[MATERIAL FOR THIS TASK — start]

text \<open>A dagger additive category, presented with explicit hom-sets.
  cmp g f is the composite g after f; add/neg/zero give the abelian group
  enrichment; bip A B is the chosen biproduct A (+) B with projections p1, p2
  and injections i1, i2; zobj is the zero object (empty biproduct).\<close>

record ('o, 'm) dacat =
  hom :: "'o \<Rightarrow> 'o \<Rightarrow> 'm set"
  cmp :: "'m \<Rightarrow> 'm \<Rightarrow> 'm"
  idm :: "'o \<Rightarrow> 'm"
  zero :: "'o \<Rightarrow> 'o \<Rightarrow> 'm"
  add :: "'m \<Rightarrow> 'm \<Rightarrow> 'm"
  neg :: "'m \<Rightarrow> 'm"
  dag :: "'m \<Rightarrow> 'm"
  bip :: "'o \<Rightarrow> 'o \<Rightarrow> 'o"
  p1 :: "'o \<Rightarrow> 'o \<Rightarrow> 'm"
  p2 :: "'o \<Rightarrow> 'o \<Rightarrow> 'm"
  i1 :: "'o \<Rightarrow> 'o \<Rightarrow> 'm"
  i2 :: "'o \<Rightarrow> 'o \<Rightarrow> 'm"
  zobj :: 'o

locale dagger_additive =
  fixes K :: "('o, 'm) dacat"
  assumes cmp_hom: "\<lbrakk>f \<in> hom K A B; g \<in> hom K B C\<rbrakk> \<Longrightarrow> cmp K g f \<in> hom K A C"
    and cmp_assoc: "\<lbrakk>f \<in> hom K A B; g \<in> hom K B C; h \<in> hom K C D\<rbrakk>
                     \<Longrightarrow> cmp K h (cmp K g f) = cmp K (cmp K h g) f"
    and idm_hom: "idm K A \<in> hom K A A"
    and idm_left: "f \<in> hom K A B \<Longrightarrow> cmp K (idm K B) f = f"
    and idm_right: "f \<in> hom K A B \<Longrightarrow> cmp K f (idm K A) = f"
    and zero_hom: "zero K A B \<in> hom K A B"
    and add_hom: "\<lbrakk>f \<in> hom K A B; g \<in> hom K A B\<rbrakk> \<Longrightarrow> add K f g \<in> hom K A B"
    and neg_hom: "f \<in> hom K A B \<Longrightarrow> neg K f \<in> hom K A B"
    and add_assoc: "\<lbrakk>f \<in> hom K A B; g \<in> hom K A B; h \<in> hom K A B\<rbrakk>
                     \<Longrightarrow> add K (add K f g) h = add K f (add K g h)"
    and add_comm: "\<lbrakk>f \<in> hom K A B; g \<in> hom K A B\<rbrakk> \<Longrightarrow> add K f g = add K g f"
    and add_zero: "f \<in> hom K A B \<Longrightarrow> add K f (zero K A B) = f"
    and add_neg: "f \<in> hom K A B \<Longrightarrow> add K f (neg K f) = zero K A B"
    and cmp_add_left: "\<lbrakk>f \<in> hom K A B; g \<in> hom K B C; h \<in> hom K B C\<rbrakk>
                     \<Longrightarrow> cmp K (add K g h) f = add K (cmp K g f) (cmp K h f)"
    and cmp_add_right: "\<lbrakk>f \<in> hom K A B; g \<in> hom K A B; h \<in> hom K B C\<rbrakk>
                     \<Longrightarrow> cmp K h (add K f g) = add K (cmp K h f) (cmp K h g)"
    and dag_hom: "f \<in> hom K A B \<Longrightarrow> dag K f \<in> hom K B A"
    and dag_dag: "f \<in> hom K A B \<Longrightarrow> dag K (dag K f) = f"
    and dag_cmp: "\<lbrakk>f \<in> hom K A B; g \<in> hom K B C\<rbrakk> \<Longrightarrow> dag K (cmp K g f) = cmp K (dag K f) (dag K g)"
    and dag_idm: "dag K (idm K A) = idm K A"
    and dag_add: "\<lbrakk>f \<in> hom K A B; g \<in> hom K A B\<rbrakk> \<Longrightarrow> dag K (add K f g) = add K (dag K f) (dag K g)"
    and p1_hom: "p1 K A B \<in> hom K (bip K A B) A"
    and p2_hom: "p2 K A B \<in> hom K (bip K A B) B"
    and i1_hom: "i1 K A B \<in> hom K A (bip K A B)"
    and i2_hom: "i2 K A B \<in> hom K B (bip K A B)"
    and p1_i1: "cmp K (p1 K A B) (i1 K A B) = idm K A"
    and p2_i2: "cmp K (p2 K A B) (i2 K A B) = idm K B"
    and p1_i2: "cmp K (p1 K A B) (i2 K A B) = zero K B A"
    and p2_i1: "cmp K (p2 K A B) (i1 K A B) = zero K A B"
    and bip_sum: "add K (cmp K (i1 K A B) (p1 K A B)) (cmp K (i2 K A B) (p2 K A B)) = idm K (bip K A B)"
    and dag_p1: "dag K (p1 K A B) = i1 K A B"
    and dag_p2: "dag K (p2 K A B) = i2 K A B"
    and zobj_initial: "hom K (zobj K) A = {zero K (zobj K) A}"
    and zobj_terminal: "hom K A (zobj K) = {zero K A (zobj K)}"

definition sub :: "('o, 'm) dacat \<Rightarrow> 'm \<Rightarrow> 'm \<Rightarrow> 'm" where
  "sub K f g = add K f (neg K g)"

definition dpos :: "('o, 'm) dacat \<Rightarrow> 'o \<Rightarrow> 'm \<Rightarrow> bool" where
  "dpos K B p \<longleftrightarrow> (\<exists>D. \<exists>\<phi> \<in> hom K B D. p = cmp K (dag K \<phi>) \<phi>)"

definition col :: "('o, 'm) dacat \<Rightarrow> 'o \<Rightarrow> 'o \<Rightarrow> 'm \<Rightarrow> 'm \<Rightarrow> 'm" where
  "col K B C f g = add K (cmp K (i1 K B C) f) (cmp K (i2 K B C) g)"

definition row :: "('o, 'm) dacat \<Rightarrow> 'o \<Rightarrow> 'o \<Rightarrow> 'm \<Rightarrow> 'm \<Rightarrow> 'm" where
  "row K A B f g = add K (cmp K f (p1 K A B)) (cmp K g (p2 K A B))"

text \<open>2x2 matrix [a b; c d] : A (+) B \<rightarrow> C (+) D\<close>
definition mat2 :: "('o, 'm) dacat \<Rightarrow> 'o \<Rightarrow> 'o \<Rightarrow> 'o \<Rightarrow> 'o \<Rightarrow> 'm \<Rightarrow> 'm \<Rightarrow> 'm \<Rightarrow> 'm \<Rightarrow> 'm" where
  "mat2 K A B C D a b c d = col K C D (row K A B a b) (row K A B c d)"

definition dsum :: "('o, 'm) dacat \<Rightarrow> 'o \<Rightarrow> 'o \<Rightarrow> 'o \<Rightarrow> 'o \<Rightarrow> 'm \<Rightarrow> 'm \<Rightarrow> 'm" where
  "dsum K A B C D f g = mat2 K A C B D f (zero K C B) (zero K A D) g"

definition assoc_iso :: "('o, 'm) dacat \<Rightarrow> 'o \<Rightarrow> 'o \<Rightarrow> 'o \<Rightarrow> 'm" where
  "assoc_iso K A B C =
     col K A (bip K B C) (cmp K (p1 K A B) (p1 K (bip K A B) C))
       (col K B C (cmp K (p2 K A B) (p1 K (bip K A B) C)) (p2 K (bip K A B) C))"

type_synonym 'a gmap = "'a \<times> 'a \<times> 'a"

definition gauss_hom :: "('o, 'm) dacat \<Rightarrow> 'o \<Rightarrow> 'o \<Rightarrow> 'o \<Rightarrow> 'm gmap set" where
  "gauss_hom K X A B = {(f, p, x). f \<in> hom K A B \<and> p \<in> hom K B B \<and> dpos K B p \<and> x \<in> hom K X B}"

definition gcomp :: "('o, 'm) dacat \<Rightarrow> 'm gmap \<Rightarrow> 'm gmap \<Rightarrow> 'm gmap" where
  "gcomp K G F = (case G of (g, q, y) \<Rightarrow> case F of (f, p, x) \<Rightarrow>
       (cmp K g f, add K q (cmp K (cmp K g p) (dag K g)), add K y (cmp K g x)))"

definition gId :: "('o, 'm) dacat \<Rightarrow> 'o \<Rightarrow> 'o \<Rightarrow> 'm gmap" where
  "gId K X A = (idm K A, zero K A A, zero K X A)"

definition gtensor :: "('o, 'm) dacat \<Rightarrow> 'o \<Rightarrow> 'o \<Rightarrow> 'o \<Rightarrow> 'o \<Rightarrow> 'm gmap \<Rightarrow> 'm gmap \<Rightarrow> 'm gmap" where
  "gtensor K A B C D F G = (case F of (f, p, x) \<Rightarrow> case G of (g, q, y) \<Rightarrow>
       (dsum K A B C D f g, dsum K B B D D p q, col K B D x y))"

definition gcopy :: "('o, 'm) dacat \<Rightarrow> 'o \<Rightarrow> 'o \<Rightarrow> 'm gmap" where
  "gcopy K X A = (col K A A (idm K A) (idm K A), zero K (bip K A A) (bip K A A), zero K X (bip K A A))"

definition gdel :: "('o, 'm) dacat \<Rightarrow> 'o \<Rightarrow> 'o \<Rightarrow> 'm gmap" where
  "gdel K X A = (zero K A (zobj K), zero K (zobj K) (zobj K), zero K X (zobj K))"

definition gassoc :: "('o, 'm) dacat \<Rightarrow> 'o \<Rightarrow> 'o \<Rightarrow> 'o \<Rightarrow> 'o \<Rightarrow> 'm gmap" where
  "gassoc K X A B C = (assoc_iso K A B C, zero K (bip K A (bip K B C)) (bip K A (bip K B C)),
                     zero K X (bip K A (bip K B C)))"

definition glunit :: "('o, 'm) dacat \<Rightarrow> 'o \<Rightarrow> 'o \<Rightarrow> 'm gmap" where
  "glunit K X A = (p2 K (zobj K) A, zero K A A, zero K X A)"

text \<open>G : B (x) A \<rightarrow> C is a conditional of F : A \<rightarrow> B (x) C:
  (Id_B (x) G) o (copy_B (x) Id_A) o (Id_B (x) del_C (x) Id_A) o (F (x) Id_A) o copy_A = F,
  with associators and the left unitor 0 (x) A \<cong> A inserted explicitly.\<close>
definition is_conditional :: "('o, 'm) dacat \<Rightarrow> 'o \<Rightarrow> 'o \<Rightarrow> 'o \<Rightarrow> 'o \<Rightarrow> 'm gmap \<Rightarrow> 'm gmap \<Rightarrow> bool" where
  "is_conditional K X A B C G F \<longleftrightarrow>
     gcomp K (gtensor K B B (bip K B A) C (gId K X B) G)
      (gcomp K (gassoc K X B B A)
       (gcomp K (gtensor K B (bip K B B) A A (gcopy K X B) (gId K X A))
        (gcomp K (gtensor K B B (bip K (zobj K) A) A (gId K X B) (glunit K X A))
         (gcomp K (gtensor K B B (bip K C A) (bip K (zobj K) A) (gId K X B)
                   (gtensor K C (zobj K) A A (gdel K X C) (gId K X A)))
          (gcomp K (gassoc K X B C A)
           (gcomp K (gtensor K A (bip K B C) A A F (gId K X A))
             (gcopy K X A)))))))
     = F"


end

(*
  A Gauss map (g, 0, 0) is deterministic, and post-composing it with (l, n P n\<^sup>\<dagger>, x) simply
  post-composes l, n and x with g. All the plumbing in the conditional equation (copies,
  deletion, unitor, associators) is deterministic, so its left-hand side evaluates to
    (col f (m f + k),  (0 \<oplus> \<eta>) + N S N\<^sup>\<dagger>,  col 0 u + col s (m s)),
  where S is the covariance of F and N = [1 0; m 0]. Since N [\<alpha> \<beta>; \<gamma> \<delta>] N\<^sup>\<dagger> is
  [\<alpha>, \<alpha> m\<^sup>\<dagger>; m \<alpha>, m \<alpha> m\<^sup>\<dagger>], comparing biproduct components with F gives m f + k = g,
  \<alpha> m\<^sup>\<dagger> = \<beta>, m \<alpha> = \<beta>\<^sup>\<dagger>, \<eta> + m \<beta> = \<delta> and u + m s = t.
*)

theory Submission
  imports Defs
begin

definition graph :: "('o, 'm) dacat \<Rightarrow> 'o \<Rightarrow> 'o \<Rightarrow> 'm \<Rightarrow> 'm" where
  "graph K B C m = col K B C (p1 K B C) (cmp K m (p1 K B C))"

context dagger_additive
begin

lemma col_hom [intro]:
  "a \<in> hom K Z B \<Longrightarrow> b \<in> hom K Z C \<Longrightarrow> col K B C a b \<in> hom K Z (bip K B C)"
  unfolding col_def by (meson add_hom cmp_hom i1_hom i2_hom)

lemma row_hom [intro]:
  "a \<in> hom K A Z \<Longrightarrow> b \<in> hom K B Z \<Longrightarrow> row K A B a b \<in> hom K (bip K A B) Z"
  unfolding row_def by (meson add_hom cmp_hom p1_hom p2_hom)

lemma mat2_hom [intro]:
  "\<lbrakk>a \<in> hom K A C; b \<in> hom K B C; c \<in> hom K A D; d \<in> hom K B D\<rbrakk>
    \<Longrightarrow> mat2 K A B C D a b c d \<in> hom K (bip K A B) (bip K C D)"
  unfolding mat2_def by blast

lemma dsum_hom [intro]:
  "f \<in> hom K A B \<Longrightarrow> g \<in> hom K C D \<Longrightarrow> dsum K A B C D f g \<in> hom K (bip K A C) (bip K B D)"
  unfolding dsum_def by (blast intro: zero_hom)

lemma assoc_iso_hom [intro]:
  "assoc_iso K A B C \<in> hom K (bip K (bip K A B) C) (bip K A (bip K B C))"
  unfolding assoc_iso_def by (blast intro: cmp_hom p1_hom p2_hom)

lemmas hom_rules = cmp_hom idm_hom zero_hom add_hom neg_hom dag_hom p1_hom p2_hom i1_hom i2_hom
  col_hom row_hom mat2_hom dsum_hom assoc_iso_hom

lemma zero_add: "f \<in> hom K A B \<Longrightarrow> add K (zero K A B) f = f"
  by (metis add_comm add_zero zero_hom)

lemma add_implies_sub:
  assumes "x \<in> hom K A B" "y \<in> hom K A B" "add K x y = z"
  shows "y = sub K z x"
proof -
  have "sub K z x = add K (add K y x) (neg K x)"
    unfolding sub_def using assms add_comm by metis
  also have "\<dots> = add K y (add K x (neg K x))" using assms by (simp add: add_assoc neg_hom)
  also have "\<dots> = y" using assms by (simp add: add_neg add_zero)
  finally show ?thesis by simp
qed

lemma add_idem_zero: "h \<in> hom K A B \<Longrightarrow> add K h h = h \<Longrightarrow> h = zero K A B"
  using add_implies_sub[of h A B h h] add_neg[of h A B] by (simp add: sub_def)

lemma cmp_zero_left:
  assumes "f \<in> hom K A B"
  shows "cmp K (zero K B C) f = zero K A C"
proof (rule add_idem_zero)
  show "cmp K (zero K B C) f \<in> hom K A C" using assms by (blast intro: hom_rules)
  have "cmp K (zero K B C) f = cmp K (add K (zero K B C) (zero K B C)) f"
    by (simp add: add_zero zero_hom)
  also have "\<dots> = add K (cmp K (zero K B C) f) (cmp K (zero K B C) f)"
    using assms cmp_add_left zero_hom by blast
  finally show "add K (cmp K (zero K B C) f) (cmp K (zero K B C) f) = cmp K (zero K B C) f" ..
qed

[MATERIAL FOR THIS TASK — finish]

TASK TO CARRY OUT | Throughout the records above, find the lines in which the word "delta" appears and return them.

FINAL ANSWER |
  where S is the covariance of F and N = [1 0; m 0]. Since N [\<alpha> \<beta>; \<gamma> \<delta>] N\<^sup>\<dagger> is
  \<alpha> m\<^sup>\<dagger> = \<beta>, m \<alpha> = \<beta>\<^sup>\<dagger>, \<eta> + m \<beta> = \<delta> and u + m s = t.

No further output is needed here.